I'm sure someone here knows the chemistry and can help you convert it - what i do know is you have to probably reduce the amount of baking powder.  Think of the cake as a dome on a building.  If the dome is too high and the span is too wide, the dome falls.  So letting a small cake rise more doesn;t make it fall, but a wider span will not hold up.


----------



## boar_d_laze (Feb 13, 2008)

A recipe that will do two 9" round pans is about 12 cups volume and will do one 13"x9"x2" sheet pan (which can take up to 15 cups) .  It's probably not worth the time and effort to increase the recipe by 25%. 

Since I'm not sure what you mean by a "restaurant sheet pan size," I can't be more specific about your particular needs.  FWIW, 13"x9"x2" is pretty much standard.  The same amount of batter will work for a 10" x 15" x 1" jelly roll pan.  Also, pretty much standard.   

Keep an eye on cooking time as both the height and mass of the batter in the pan will affect it.  Watch the color, check for "jiggle," and use the toothpick test. 

Stay with the ingredients and ingredient ratios in your recipe.  With all respect for Siduri, don't change the amount of baking powder (if your recipe calls for it).  Because they're so dense, most carrot cakes don't get much rise; and consequently don't get much fall either.  And FWIW, most carrot cake recipes use baking soda instead of baking powder. 

BDL


----------



## petemccracken (Sep 18, 2008)

In my experience:

Sheet pan = 18"x26"
Half Sheet = 18"x13"
Quarter Sheet = 9"x13"
And those correspond to the sizes of cakes offered at local bakeries in my area.

In talking with local bakers, they use pan extenders which are two inches (2") high for cakes.

Thus, the corresponding volume for a 1 1/2" depth is:

Full Sheet = 18"x26"x1 1/2" = 702 cubic inches or approximately 48 cups (64 cups for 2" depth)
Half Sheet = 18"x13"x1 1/2" = 351 cubic inches or approximately 24 cups (32 cups for 2"depth)
Quarter sheet = 9"x13"x1 1/2" = 175.5 cubic inches or approximately 12 cups (16 cups for 2" depth)
A 9" x1 1/2" cake pan has a volume of 6 cups, a 9" x 2" cake pan = 8 cups

Therefore, a recipe for two, 9"x1 1/2" cake pans is equivalent to a Quarter Sheet Cake and you would double for a Half Sheet and double again for a Full Sheet.

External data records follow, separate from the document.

(* Let $m\ge1$ be an integer. Then $\big[N,\frac im\log L^m\big]=-i\mathbf1$ on $\ell^2_m\cap\mathrm D(N\log L^m)\cap\mathrm D(\log(L^m)N)$, and this subspace is infinite-dimensional.
   Context: $\ell^2=\ell^2(\mathbb N)$, $\mathbb N=\{0,1,\dots\}$, basis $(\xi_n)$; $N\xi_n=n\xi_n$ (self-adjoint, maximal domain); $L$ left shift ($L\xi_n=\xi_{n-1}$, $L\xi_0=0$). For a linear operator $A$, $\mathrm D(\log A)=\{f\in\bigcap_{k\ge0}\mathrm D(A^k):\lim_K\sum_{k=1}^K\frac1k(\mathbf1-A)^kf\text{ exists}\}$, $\log Af=-\sum_{k\ge1}\frac1k(\mathbf1-A)^kf$. $\ell^2_m=\{\varphi\in\ell^2:\lim_{k\to\infty}(\mathbf1-L^m)^k\varphi=0\}$. Commutators $[A,B]=AB-BA$ on $\mathrm D(AB)\cap\mathrm D(BA)$. *)

theory Defs
  imports Complex_Main
begin

text \<open>Vectors of l2(N) are represented as sequences nat => complex (coefficients
  w.r.t. the standard basis xi_n).\<close>

definition l2 :: "(nat \<Rightarrow> complex) set" where
  "l2 = {f. summable (\<lambda>n. (cmod (f n))\<^sup>2)}"

definition l2norm :: "(nat \<Rightarrow> complex) \<Rightarrow> real" where
  "l2norm f = sqrt (\<Sum>n. (cmod (f n))\<^sup>2)"

definition smul :: "complex \<Rightarrow> (nat \<Rightarrow> complex) \<Rightarrow> (nat \<Rightarrow> complex)" where
  "smul c f = (\<lambda>n. c * f n)"

definition Nop :: "(nat \<Rightarrow> complex) \<Rightarrow> (nat \<Rightarrow> complex)" where
  "Nop f = (\<lambda>n. of_nat n * f n)"

definition domN :: "(nat \<Rightarrow> complex) set" where
  "domN = {f \<in> l2. Nop f \<in> l2}"

text \<open>Powers of the left shift: L xi_n = xi_(n-1), L xi_0 = 0, so (L^m f) n = f (n+m).\<close>
definition Lpow :: "nat \<Rightarrow> (nat \<Rightarrow> complex) \<Rightarrow> (nat \<Rightarrow> complex)" where
  "Lpow m f = (\<lambda>n. f (n + m))"

definition oneMinusLpow :: "nat \<Rightarrow> (nat \<Rightarrow> complex) \<Rightarrow> (nat \<Rightarrow> complex)" where
  "oneMinusLpow m f = (\<lambda>n. f n - Lpow m f n)"

definition logPartial :: "nat \<Rightarrow> (nat \<Rightarrow> complex) \<Rightarrow> nat \<Rightarrow> (nat \<Rightarrow> complex)" where
  "logPartial m f K = (\<lambda>n. \<Sum>k=1..K. (1 / of_nat k) * ((oneMinusLpow m ^^ k) f) n)"

text \<open>Convergence in l2: the partial sums converge in l2-norm to h.
  (Since L^m is bounded on l2, f in l2 already lies in all D((L^m)^k).)\<close>
definition logSeriesConv :: "nat \<Rightarrow> (nat \<Rightarrow> complex) \<Rightarrow> (nat \<Rightarrow> complex) \<Rightarrow> bool" where
  "logSeriesConv m f h \<longleftrightarrow> f \<in> l2 \<and> h \<in> l2 \<and>
     (\<lambda>K. l2norm (\<lambda>n. logPartial m f K n - h n)) \<longlonglongrightarrow> 0"

definition domLog :: "nat \<Rightarrow> (nat \<Rightarrow> complex) set" where
  "domLog m = {f. \<exists>h. logSeriesConv m f h}"

definition logL :: "nat \<Rightarrow> (nat \<Rightarrow> complex) \<Rightarrow> (nat \<Rightarrow> complex)" where
  "logL m f = (\<lambda>n. - (THE h. logSeriesConv m f h) n)"

definition domNLog :: "nat \<Rightarrow> (nat \<Rightarrow> complex) set" where
  "domNLog m = {f \<in> domLog m. logL m f \<in> domN}"

definition domLogN :: "nat \<Rightarrow> (nat \<Rightarrow> complex) set" where
  "domLogN m = {f \<in> domN. Nop f \<in> domLog m}"

definition l2m :: "nat \<Rightarrow> (nat \<Rightarrow> complex) set" where
  "l2m m = {\<phi> \<in> l2. (\<lambda>k. l2norm ((oneMinusLpow m ^^ k) \<phi>)) \<longlonglongrightarrow> 0}"

end

theory Submission
  imports Defs
begin

text \<open>Iterating the commutator identity [N, 1 - L^m] = m L^m gives
  [N, (1 - L^m)^k] = k m L^m (1 - L^m)^(k-1). In the partial sums of the logarithm series the factor
  1/k therefore cancels and the commutator telescopes to m (f - (1 - L^m)^K f); on l2_m the remainder
  tends to zero, and passing to coordinatewise limits gives [N, log L^m] = -m.
  The geometric vectors n \<mapsto> z^n with 0 < z < 1 are eigenvectors of 1 - L^m with eigenvalue
  1 - z^m, which makes every series involved explicit; they lie in all the domains and are linearly
  independent for distinct z by a Vandermonde argument.\<close>

lemma norm_add_square_le:
  fixes a b :: "'a::real_normed_vector"
  shows "(norm (a + b))\<^sup>2 \<le> 2 * (norm a)\<^sup>2 + 2 * (norm b)\<^sup>2"
proof -
  have "(norm (a + b))\<^sup>2 \<le> (norm a + norm b)\<^sup>2"
    by (simp add: norm_triangle_ineq power_mono)
  also have "\<dots> \<le> 2 * (norm a)\<^sup>2 + 2 * (norm b)\<^sup>2"
    using zero_le_power2[of "norm a - norm b"] unfolding power2_sum power2_diff by linarith
  finally show ?thesis .
qed

lemma l2_lincomb:
  assumes "f \<in> l2" "g \<in> l2"
  shows "(\<lambda>n. a * f n + b * g n) \<in> l2"
  unfolding l2_def
proof (rule CollectI, rule summable_comparison_test)
  show "summable (\<lambda>n. 2 * (cmod a)\<^sup>2 * (cmod (f n))\<^sup>2 + 2 * (cmod b)\<^sup>2 * (cmod (g n))\<^sup>2)"
    using assms unfolding l2_def by (intro summable_add summable_mult) auto
  show "\<exists>N. \<forall>n\<ge>N. norm ((cmod (a * f n + b * g n))\<^sup>2)
          \<le> 2 * (cmod a)\<^sup>2 * (cmod (f n))\<^sup>2 + 2 * (cmod b)\<^sup>2 * (cmod (g n))\<^sup>2"
    using norm_add_square_le[of "a * f n" "b * g n" for n]
    by (auto simp: norm_mult power_mult_distrib mult.assoc)
qed

lemma l2_scale: "f \<in> l2 \<Longrightarrow> (\<lambda>n. a * f n) \<in> l2"
  using l2_lincomb[of f f a 0] by simp

lemma l2_diff: "f \<in> l2 \<Longrightarrow> g \<in> l2 \<Longrightarrow> (\<lambda>n. f n - g n) \<in> l2"
  using l2_lincomb[of f g 1 "-1"] by simp

lemma l2_sum: "finite A \<Longrightarrow> (\<And>k. k \<in> A \<Longrightarrow> g k \<in> l2) \<Longrightarrow> (\<lambda>n. \<Sum>k\<in>A. g k n) \<in> l2"
proof (induction A rule: finite_induct)
  case empty
  show ?case by (simp add: l2_def)
next
  case (insert x F)
  then show ?case using l2_lincomb[of "g x" "\<lambda>n. \<Sum>k\<in>F. g k n" 1 1] by simp
qed

lemma l2_Lpow: "f \<in> l2 \<Longrightarrow> Lpow m f \<in> l2"
  unfolding l2_def Lpow_def by (simp add: summable_iff_shift[of "\<lambda>n. (cmod (f n))\<^sup>2" m])

lemma l2_oneMinusLpow_pow: "f \<in> l2 \<Longrightarrow> (oneMinusLpow m ^^ k) f \<in> l2"
  by (induction k) (simp_all add: oneMinusLpow_def l2_diff l2_Lpow)

lemma l2_logPartial: "f \<in> l2 \<Longrightarrow> logPartial m f K \<in> l2"
  unfolding logPartial_def by (intro l2_sum l2_scale l2_oneMinusLpow_pow) auto

lemma norm_le_l2norm: "f \<in> l2 \<Longrightarrow> cmod (f n) \<le> l2norm f"
  unfolding l2norm_def l2_def
  using real_sqrt_le_mono[OF sum_le_suminf[of "\<lambda>n. (cmod (f n))\<^sup>2" "{n}"]] by simp
theorem lemma4p2:
  fixes A :: "nat \<Rightarrow> lc set" and X :: "lc set"
  assumes "\<And>n. n \<ge> 1 \<Longrightarrow> L_measurable (A n)"
    and "convergent (\<lambda>N. Lmeasure (\<Inter>n\<in>{1..N}. A n))"
    and "outer_measurable X"
  shows "outer_measurable (X \<inter> (\<Inter>n\<in>{1..}. A n)) \<and>
         convergent (\<lambda>N. Mu (X \<inter> (\<Inter>n\<in>{1..N}. A n))) \<and>
         (\<lambda>N. Mu (X \<inter> (\<Inter>n\<in>{1..N}. A n))) \<longlonglongrightarrow> Mu (X \<inter> (\<Inter>n\<in>{1..}. A n))"
proof -
  have "{1..Suc N} = Suc ` {..N}" for N
    by (simp add: atMost_atLeast0)
  then have INT_shift: "(\<Inter>n\<in>{1..Suc N}. A n) = (\<Inter>n\<le>N. A (Suc n))" for N
    by (simp add: image_image)
  have "{1..} = range Suc"
    using not0_implies_Suc by (fastforce simp: image_iff)
  then have INT_all: "(\<Inter>n\<in>{1..}. A n) = (\<Inter>n. A (Suc n))"
    by (simp add: image_image)
  have "convergent (\<lambda>N. Mu (\<Inter>n\<in>{1..Suc N}. A n))"
    using assms(2) unfolding convergent_Suc_iff[of "\<lambda>N. Mu (\<Inter>n\<in>{1..N}. A n)"] Lmeasure_def .
  then have "outer_measurable (X \<inter> (\<Inter>n. A (Suc n))) \<and>
      (\<lambda>N. Mu (X \<inter> (\<Inter>n\<in>{1..Suc N}. A n))) \<longlonglongrightarrow> Mu (X \<inter> (\<Inter>n. A (Suc n)))"
    unfolding INT_shift using assms(1) by (intro Mu_Int_INT_atMost_tendsto[OF _ assms(3)]) simp_all
  with LIMSEQ_imp_Suc[of "\<lambda>N. Mu (X \<inter> (\<Inter>n\<in>{1..N}. A n))"] show ?thesis
    unfolding INT_all convergent_def by blast
qed

end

FWIW: 1 cup = 14.4375 cubic inches

I'm confident the baking pros will weigh in on the necessary adjustments for recipe ratios.


----------



## kaneohegirlinaz (Apr 24, 2011)

What a coincidence danni, I'm doing the opposite for Easter. 

The recipe that I have from Cooks Illustrated calls for a 13 x 9 x 2 pan and I want to bake it into (2) 8 ½ rounds so that it will display nicely on the counter in my pretty domed cake pedestal, prior to Sunday Supper. 

But then a 'restaurant sheet pan' is 18 x 26, at least a full size, right? Are you baking in a commercial oven or at home, that could be a problem.


----------



## petemccracken (Sep 18, 2008)

K-girl, take a look at: http://www.joyofbaking.com/PanSizes.html

From the way I read it, you need 8 cups of batter, 2-8"x1 1/2" layers @ 4 cups per pan, and the recipe makes 14 cups, assuming the recipe fills the 13"x9"x2" pan.

So, you need 8/14ths = 4/7ths recipe.

Then again, make two 8" cakes!/img/vbsmilies/smilies/lol.gif


----------



## danni6461 (Mar 23, 2013)

Wow thanks everybody!!!! Great tips! Yes I am baking in a commercial oven... Thank you all again. I hope this comes out good!!!


----------